According to the Wall Street Journal, a Washington D.C. grand jury issued a March 11 subpoena requesting emails, correspondence, and other messages from at least one person involved in the development of the aircraft.
“It's a very, very serious investigation into basically, was there fraud by Boeing in the certification of the 737 Max 8?” Arthur Rosenberg, an aviation attorney who is representing six families whose relatives died in the Ethiopian Airlines and Lion Air crashes, explained.
“Nobody knows the answer to that yet,” Rosenberg cautioned, adding that he had not yet seen the Justice Department’s subpoena and therefore could not know its full scope.
Rosenberg expects the criminal probe to question whether Boeing fully disclosed to the FAA the engineering of the 737 Max 8’s MCAS flight control system, called MCAS (Maneuvering Characteristics Augmentation System), during the plane’s certification process. The flight control system was designed to prevent the plane from stalling.
“That's what these subpoenas are designed to,” Rosenberg said.
A misrepresentation to the FAA?
According to The Seattle Times, the approval process for the MCAS system was delegated to Boeing.
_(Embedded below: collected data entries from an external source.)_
(* Let $C\subseteq(\mathbb{R}^d,\operatorname{dist})$ be the attractor of an iterated function system of finitely many maps $f_i(x)=\lambda_i x+t_i$ with $\lambda_i\in(0,1)$ and $t_i\in\mathbb{R}^d$, such that $f_i(B[0,1])\subseteq B[0,1]$ for all $i$. For a word $I=i_1\cdots i_k$ let $S_I:=f_{i_1}\circ\cdots\circ f_{i_k}(B[0,1])$ (so $S_\emptyset=B[0,1]$, $S_i=B[t_i,\lambda_i]$). Then: (1) if $S_\emptyset\setminus\bigcup_i S_i\neq\emptyset$, \[h_\emptyset\le\max_{x\in S_\emptyset\setminus\bigcup_iS_i}\ \min_i\frac{\operatorname{dist}(x,t_i)-\lambda_i}{1-\lambda_i};\] (2) $\tau(C,\{S_I\}_I)\ge\frac{\min_j\lambda_j}{h_\emptyset}$; (3) the system $\{S_I\}_I$ is $(2\max_i\lambda_i+h_\emptyset)$-uniformly dense.
   Context: $\mathbb{R}^d$ carries a distance $\operatorname{dist}$ induced by a norm; $B[x,\rho]$ is the closed ball of center $x$ and radius $\rho$. A system of balls for a compact set $C$ is a family $\{S_I\}_I$ of closed balls indexed by finite words with each $S_I$ containing its finitely many children $S_{I,j}$, $C=\bigcap_{n\ge0}\bigcup_{\ell(I)=n}S_I$, and radii tending to $0$ along every infinite branch. $h_I:=\max_{x\in S_I}\operatorname{dist}(x,C)$; thickness $\tau(C,\{S_I\}_I):=\inf_I\frac{\min_i\operatorname{rad}(S_{I,i})}{h_I}$. The system is $r$-uniformly dense if for every $I$ and every ball $B\subseteq S_I$ with $\operatorname{rad}(B)\ge r\operatorname{rad}(S_I)$ there is a child $S_{I,i}\subseteq B$. *)

theory Defs
  imports "HOL-Analysis.Analysis"
begin

text \<open>Ambient space: a finite-dimensional real normed space, i.e. R^d with a distance
induced by an arbitrary norm (class heine_borel forces finite dimension).
Words over the finite alphabet A are lists I with set I \<subseteq> A; the children of I are
I @ [i] for i in A. Balls of a system are given as sets S I together with radii rad I.\<close>

definition ifs_map :: "('i \<Rightarrow> real) \<Rightarrow> ('i \<Rightarrow> 'a::real_normed_vector) \<Rightarrow> 'i \<Rightarrow> 'a \<Rightarrow> 'a" where
  "ifs_map lam t i x = lam i *\<^sub>R x + t i"

definition word_map :: "('i \<Rightarrow> real) \<Rightarrow> ('i \<Rightarrow> 'a::real_normed_vector) \<Rightarrow> 'i list \<Rightarrow> 'a \<Rightarrow> 'a" where
  "word_map lam t I = foldr (\<lambda>i g. ifs_map lam t i \<circ> g) I id"

definition ifs_ball :: "('i \<Rightarrow> real) \<Rightarrow> ('i \<Rightarrow> 'a::real_normed_vector) \<Rightarrow> 'i list \<Rightarrow> 'a set" where
  "ifs_ball lam t I = word_map lam t I ` cball 0 1"

definition ifs_rad :: "('i \<Rightarrow> real) \<Rightarrow> 'i list \<Rightarrow> real" where
  "ifs_rad lam I = prod_list (map lam I)"

definition is_attractor :: "'i set \<Rightarrow> ('i \<Rightarrow> 'a::metric_space \<Rightarrow> 'a) \<Rightarrow> 'a set \<Rightarrow> bool" where
  "is_attractor A f C \<longleftrightarrow> compact C \<and> C \<noteq> {} \<and> C = (\<Union>i\<in>A. f i ` C)"

definition hgap :: "'a::metric_space set \<Rightarrow> 'a set \<Rightarrow> real" where
  "hgap C S = (SUP x\<in>S. infdist x C)"

text \<open>Thickness, valued in extended reals (a ratio with h_I = 0 counts as +infinity).\<close>
definition thickness :: "'i set \<Rightarrow> ('i list \<Rightarrow> 'a::metric_space set) \<Rightarrow> ('i list \<Rightarrow> real) \<Rightarrow> 'a set \<Rightarrow> ereal" where
  "thickness A S rad C =
     (INF I\<in>{I. set I \<subseteq> A}. ereal (Min ((\<lambda>i. rad (I @ [i])) ` A)) / ereal (hgap C (S I)))"

definition uniformly_dense :: "'i set \<Rightarrow> ('i list \<Rightarrow> 'a::metric_space set) \<Rightarrow> ('i list \<Rightarrow> real) \<Rightarrow> real \<Rightarrow> bool" where
  "uniformly_dense A S rad r \<longleftrightarrow>
     (\<forall>I. set I \<subseteq> A \<longrightarrow> (\<forall>y \<rho>. cball y \<rho> \<subseteq> S I \<and> \<rho> \<ge> r * rad I \<longrightarrow>
        (\<exists>i\<in>A. S (I @ [i]) \<subseteq> cball y \<rho>)))"

end

theory Submission
  imports Defs
begin

text \<open>Each f_I is a similarity of ratio rad I sending C into C, so it contracts the distance
to C by that ratio; hence h_I \<le> rad I * h, while the children of S_I have radius rad I * \<lambda>_i,
which gives the thickness bound. For the bound on h, take a point x of B[0,1] farthest from C.
Points of S_i are within \<lambda>_i h of C, so if h > 0 the point x lies outside every S_i, and
passing through the point of S_i nearest to x gives h \<le> dist(x,t_i) - \<lambda>_i + \<lambda>_i h.
For uniform density, the centre of a ball inside S_I is f_I(y) with y within h of a point
f_i(c) of C; then S_i lies within 2\<lambda>_i + h of y, and S_{I i} = f_I(S_i) lies in the ball.\<close>

lemma word_map_Nil [simp]: "word_map lam t [] = id"
  by (simp add: word_map_def)

lemma word_map_Cons [simp]: "word_map lam t (i # I) = ifs_map lam t i \<circ> word_map lam t I"
  by (simp add: word_map_def)

lemma word_map_snoc: "word_map lam t (I @ [i]) = word_map lam t I \<circ> ifs_map lam t i"
  by (induction I) (simp_all add: comp_assoc)

lemma ifs_rad_Nil [simp]: "ifs_rad lam [] = 1"
  and ifs_rad_Cons [simp]: "ifs_rad lam (i # I) = lam i * ifs_rad lam I"
  and ifs_rad_snoc [simp]: "ifs_rad lam (I @ [i]) = ifs_rad lam I * lam i"
  by (simp_all add: ifs_rad_def)

lemma ifs_rad_pos: "(\<And>i. i \<in> set I \<Longrightarrow> 0 < lam i) \<Longrightarrow> 0 < ifs_rad lam I"
  by (induction I) auto

lemma word_map_affine: "word_map lam t I x = ifs_rad lam I *\<^sub>R x + word_map lam t I 0"
  by (induction I) (auto simp: ifs_map_def algebra_simps)

lemma dist_word_map:
  "dist (word_map lam t I x) (word_map lam t I y) = \<bar>ifs_rad lam I\<bar> * dist x y"
  by (subst (1 2) word_map_affine) (simp add: dist_norm flip: scaleR_diff_right)

lemma ifs_ball_Nil [simp]: "ifs_ball lam t [] = cball 0 1"
  by (simp add: ifs_ball_def)

lemma ifs_ball_eq_cball:
  assumes "0 < ifs_rad lam I"
  shows "ifs_ball lam t I = cball (word_map lam t I 0) (ifs_rad lam I)"
proof -
  have "word_map lam t I = (+) (word_map lam t I 0) \<circ> (\<lambda>x. ifs_rad lam I *\<^sub>R x)"
    by (rule ext, subst word_map_affine) (simp add: add.commute)
  then have "ifs_ball lam t I = (+) (word_map lam t I 0) ` (\<lambda>x. ifs_rad lam I *\<^sub>R x) ` cball 0 1"
    by (simp add: ifs_ball_def image_comp)
  then show ?thesis
    using assms by (simp add: cball_scale)
qed

lemma cball_subset_cball_of_dist:
  "dist a b + r \<le> s \<Longrightarrow> cball a r \<subseteq> cball (b :: 'a::metric_space) s"
  by (smt (verit, best) dist_triangle3 mem_cball subsetI)

lemma infdist_image_le:
  fixes C :: "'a::heine_borel set"
  assumes "closed C" "C \<noteq> {}" "f ` C \<subseteq> C"
    and "0 \<le> L" "\<And>y. dist (f x) (f y) \<le> L * dist x y"
  shows "infdist (f x) C \<le> L * infdist x C"
proof -
  obtain c where c: "c \<in> C" "infdist x C = dist x c"
    using infdist_attains_inf[OF assms(1,2)] by blast
  have "infdist (f x) C \<le> dist (f x) (f c)"
    using c(1) assms(3) by (blast intro: infdist_le)
  also have "\<dots> \<le> L * infdist x C"
    using assms(5) c(2) by simp
  finally show ?thesis .
qed

lemma bdd_above_infdist:
  assumes "bounded S" "C \<noteq> {}"
  shows "bdd_above ((\<lambda>x. infdist x C) ` S)"
proof -
  obtain c where "c \<in> C" using assms(2) by blast
  moreover obtain e where "\<forall>x\<in>S. dist c x \<le> e"
    using assms(1) bounded_any_center by blast
  ultimately show ?thesis
    by (intro bdd_aboveI2[of _ _ e]) (metis dist_commute infdist_le2)
qed

lemma infdist_le_hgap: "bounded S \<Longrightarrow> C \<noteq> {} \<Longrightarrow> x \<in> S \<Longrightarrow> infdist x C \<le> hgap C S"
  unfolding hgap_def by (rule cSUP_upper2[OF bdd_above_infdist]) auto

lemma hgap_nonneg: "bounded S \<Longrightarrow> S \<noteq> {} \<Longrightarrow> C \<noteq> {} \<Longrightarrow> 0 \<le> hgap C S"
  by (meson ex_in_conv infdist_le_hgap infdist_nonneg order_trans)

lemma hgap_attained:
  assumes "compact S" "S \<noteq> {}" "C \<noteq> {}"
  obtains x where "x \<in> S" "hgap C S = infdist x C"
proof -
  obtain x where x: "x \<in> S" "\<forall>y\<in>S. infdist y C \<le> infdist x C"
    using continuous_attains_sup[OF assms(1,2) continuous_on_infdist[OF continuous_on_id]]
    by blast
  have "hgap C S = infdist x C"
    using x assms unfolding hgap_def
    by (intro antisym cSUP_least cSUP_upper2[OF bdd_above_infdist]) (auto simp: compact_imp_bounded)
  with x(1) show thesis by (rule that)
qed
The system’s features are designed to automatically tilt the nose of the aircraft down as a method to prevent aerodynamic stall.
“The original Boeing document provided to the FAA included a description specifying a limit to how much the system could move the horizontal tail — a limit of 0.6 degrees, out of a physical maximum of just less than 5 degrees of nose-down movement,” The Seattle Times reported. “That limit was later increased after flight tests showed that a more powerful movement of the tail was required to avert a high-speed stall, when the plane is in danger of losing lift and spiraling down.”
Rosenberg said the Seattle Times article suggests that Boeing, during the flight test stage, expanded the authority of the MCAS system so that it could command the full nose down trim condition, expanding its capability from a system of “limited authority” to a system of “full authority.”
Because full authority systems pose more risk, they require increased redundancies or back-ups that allow pilots to intervene.
“If that wasn't properly documented, and if that Seattle Times article is correct, it looks like Boeing misrepresented to the FAA what the authority of the stabilizer was,” he said.